Here’s the biggest difference: That spoonful of refined table sugar added to your salad dressing or breakfast cereal causes inflammation and turns to fat fast if it’s not needed for energy. The apple, meanwhile, contains other nutrients that impact how your body breaks down the sugar. Fiber, for instance, slows its digestion to head off a blood-sugar spike. And yogurt, for example, contains protein that helps your body process the natural sugar (not the heaps of added sugar that is often also added to some brands!) at a slower pace. Not to mention all of the other incredible nutrients you’re getting from those foods, like vitamins, minerals, and probiotics.

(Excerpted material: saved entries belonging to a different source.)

lemma initial_mass_pos: "\<exists>q>0. ereal q < a_star \<mu> \<beta> \<and> initial_mass q \<noteq> 0"
proof (rule ccontr)
  assume "\<not> ?thesis"
  then have mass0: "initial_mass q = 0" if "0 < q" "ereal q < a_star \<mu> \<beta>" for q
    using that by blast
  define Q where "Q = {q \<in> \<rat>. 0 < q \<and> ereal q < a_star \<mu> \<beta>}"
  have "countable Q" unfolding Q_def by (rule countable_subset[OF _ countable_rat]) auto
  moreover have "AE s in lborel. s < q \<longrightarrow> u0_on_pos s = 0" if "q \<in> Q" for q
  proof -
    have "initial_mass q = 0" using mass0[of q] that unfolding Q_def by simp
    then have "AE s in lborel. ennreal (indicator {..<q} s * u0_on_pos s) = 0"
      unfolding initial_mass_def by (subst (asm) nn_integral_0_iff_AE) auto
    then show ?thesis by (rule AE_mp) (auto simp: indicator_def u0_on_pos_nonneg)
  qed
  ultimately have "AE s in lborel. \<forall>q\<in>Q. s < q \<longrightarrow> u0_on_pos s = 0"
    by (subst AE_ball_countable) auto
  then have "AE s in lborel. indicator {a. 0 < a \<and> ereal a < a_star \<mu> \<beta>} s *\<^sub>R u0 s = 0"
  proof (rule AE_mp, intro AE_I2 impI)
    fix s assume vanish: "\<forall>q\<in>Q. s < q \<longrightarrow> u0_on_pos s = 0"
    show "indicator {a. 0 < a \<and> ereal a < a_star \<mu> \<beta>} s *\<^sub>R u0 s = 0"
    proof (cases "0 < s \<and> ereal s < a_star \<mu> \<beta>")
      case True
      then obtain z where z: "s < z" "ereal z < a_star \<mu> \<beta>" using ereal_dense2 by force
      then obtain q where "q \<in> \<rat>" "s < q" "q < z" using Rats_dense_in_real by blast
      then have "q \<in> Q" unfolding Q_def using True z by (auto intro: order.strict_trans[of _ "ereal z"])
      then have "u0_on_pos s = 0" using vanish \<open>s < q\<close> by blast
      then show ?thesis using True by (simp add: u0_on_pos_def)
    qed simp
  qed
  then have "(LINT a:{a. 0 < a \<and> ereal a < a_star \<mu> \<beta>}|lborel. u0 a) = 0"
    unfolding set_lebesgue_integral_def by (rule integral_eq_zero_AE)
  then show False using u0_M0 unfolding in_M0_def by simp
qed

lemma not_AE_beta_initial_mass_eq_0:
  "\<not> (AE a in lborel. a > 0 \<longrightarrow> ennreal (\<beta> a) * initial_mass a = 0)"
proof
  assume beta_mass: "AE a in lborel. a > 0 \<longrightarrow> ennreal (\<beta> a) * initial_mass a = 0"
  obtain q where q: "0 < q" "ereal q < a_star \<mu> \<beta>" "initial_mass q \<noteq> 0"
    using initial_mass_pos by blast
  then obtain a1 where "0 < a1" and a1: "q < a1" "(LINT s:{a1<..}|lborel. \<beta> s * exp (- \<mu> * s)) > 0"
    unfolding a_star_def less_Sup_iff by auto
  have "AE s in lborel. indicator {a1<..} s *\<^sub>R (\<beta> s * exp (- \<mu> * s)) = 0"
    using beta_mass
  proof (rule AE_mp, intro AE_I2 impI)
    fix s assume vanish: "s > 0 \<longrightarrow> ennreal (\<beta> s) * initial_mass s = 0"
    show "indicator {a1<..} s *\<^sub>R (\<beta> s * exp (- \<mu> * s)) = 0"
    proof (cases "s > a1")
      case True
      then have "initial_mass q \<le> initial_mass s" using a1 by (intro initial_mass_mono) simp
      then have "initial_mass s \<noteq> 0" using q(3) by (auto simp: le_zero_eq)
      then have "\<beta> s = 0" using vanish True \<open>0 < a1\<close> beta_nonneg[of s] by simp
      then show ?thesis by simp
    qed simp
  qed
  then have "(LINT s:{a1<..}|lborel. \<beta> s * exp (- \<mu> * s)) = 0"
    unfolding set_lebesgue_integral_def by (rule integral_eq_zero_AE)
  then show False using a1 by simp
qed

lemma b_pos_somewhere: "\<exists>t\<ge>0. b t > 0"
proof (rule ccontr)
  assume "\<not> ?thesis"
  then have b0: "b t = 0" if "t \<ge> 0" for t using b_nonneg[OF that] that by force
  have "renewal_term t = 0" if "t \<ge> 0" for t
    unfolding renewal_term_def using b0 by (subst set_lebesgue_integral_cong[where g="\<lambda>_. 0"]) auto
  then have "initial_term t = 0" if "t > 0" for t
    using b_eq_terms[of t] b0[of t] that alpha_pos by (simp add: fR_eq_0_iff)
  then show False using beta_initial_mass_AE_zero not_AE_beta_initial_mass_eq_0 by blast
qed

lemma b_pos_near:
  assumes "t \<ge> 0" and "b t > 0"
  shows "\<exists>d>0. \<forall>x\<ge>0. \<bar>x - t\<bar> < d \<longrightarrow> b x > 0"
proof -
  obtain d where "d > 0" and d: "\<forall>x\<in>{0..}. dist x t < d \<longrightarrow> dist (b x) (b t) < b t"
    using b_cont assms unfolding continuous_on_iff by fastforce
  then show ?thesis by (intro exI[of _ d]) (auto simp: dist_real_def)
qed
lemma (in prob_space) AE_eventually_less_power_of_integral_le:
  assumes int: "\<And>n. integrable M (Z n)" and pos: "\<And>n \<omega>. \<omega> \<in> space M \<Longrightarrow> 0 < Z n \<omega>"
    and bound: "\<And>n. (\<integral>\<omega>. Z n \<omega> \<partial>M) \<le> (real n + 1) * c ^ n"
    and "0 < c" "1 < q"
  shows "AE \<omega> in M. eventually (\<lambda>n. Z n \<omega> < (q * c) ^ n) sequentially"
proof -
  define A where "A n = {\<omega>\<in>space M. (q * c) ^ n \<le> Z n \<omega>}" for n
  have A_sets: "A n \<in> sets M" for n
    unfolding A_def using borel_measurable_integrable[OF int] by measurable
  have measure_le: "measure M (A n) \<le> (real n + 1) * (1 / q) ^ n" for n
  proof -
    have "measure M (A n) \<le> (\<integral>\<omega>. Z n \<omega> \<partial>M) / (q * c) ^ n"
      unfolding A_def using pos \<open>0 < c\<close> \<open>1 < q\<close>
      by (intro integral_Markov_inequality_measure[OF int A_sets]) (auto intro: less_imp_le)
    also have "\<dots> \<le> (real n + 1) * c ^ n / (q * c) ^ n"
      using bound \<open>0 < c\<close> \<open>1 < q\<close> by (intro divide_right_mono) simp_all
    also have "\<dots> = (real n + 1) * (1 / q) ^ n"
      using \<open>0 < c\<close> by (simp add: power_mult_distrib power_one_over)
    finally show ?thesis .
  qed
  have "summable (\<lambda>n. (real n + 1) * (1 / q) ^ n)"
    using \<open>1 < q\<close> by (intro summable_Suc_times_power) simp
  then have "summable (\<lambda>n. measure M (A n))"
    by (rule summable_comparison_test'[where N = 0]) (simp add: measure_le)
  then have "AE \<omega> in M. eventually (\<lambda>n. \<omega> \<in> space M - A n) sequentially"
    by (intro borel_cantelli_AE1 A_sets) (auto simp: emeasure_eq_measure)
  then show ?thesis
    by (rule AE_mp) (auto intro!: AE_I2 elim!: eventually_mono simp: A_def not_le)
qed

The fact is: nature is kind of a master of design, and most of the time, sugar occurs in a food for a reason your body will parse out as it processes that food’s entire complex web of nutrients. Nature also doesn’t expect you to only eat one food over and over, so just don’t overdo it.

My Advice on Sugar

Again, this is not to say you should go on an all banana-and-Greek yogurt diet. But if you’re eating mostly whole foods, you can focus on worrying about other things (there’s so much to worry about, right?) rather than wasting your time fretting about how sweet that sweet potato is.

There are just a few places natural sugar might present an issue: Eat dried fruit in small, controlled portions, since the sugar becomes ultra-concentrated in the drying process. And skip juices that are primarily fruit. When fruit is juiced, the fiber I mentioned earlier is stripped out, leaving way too much free-floating sugar behind. Make smoothies, instead, or go as green as possible with your juices.

RECIPE: Super Greens Green Juice

Other than that, feel free to enjoy natural sugar and use the time you save worrying about it to always be on the lookout for added sugars lurking in unexpected places, like tomato sauces, salad dressings, and bread.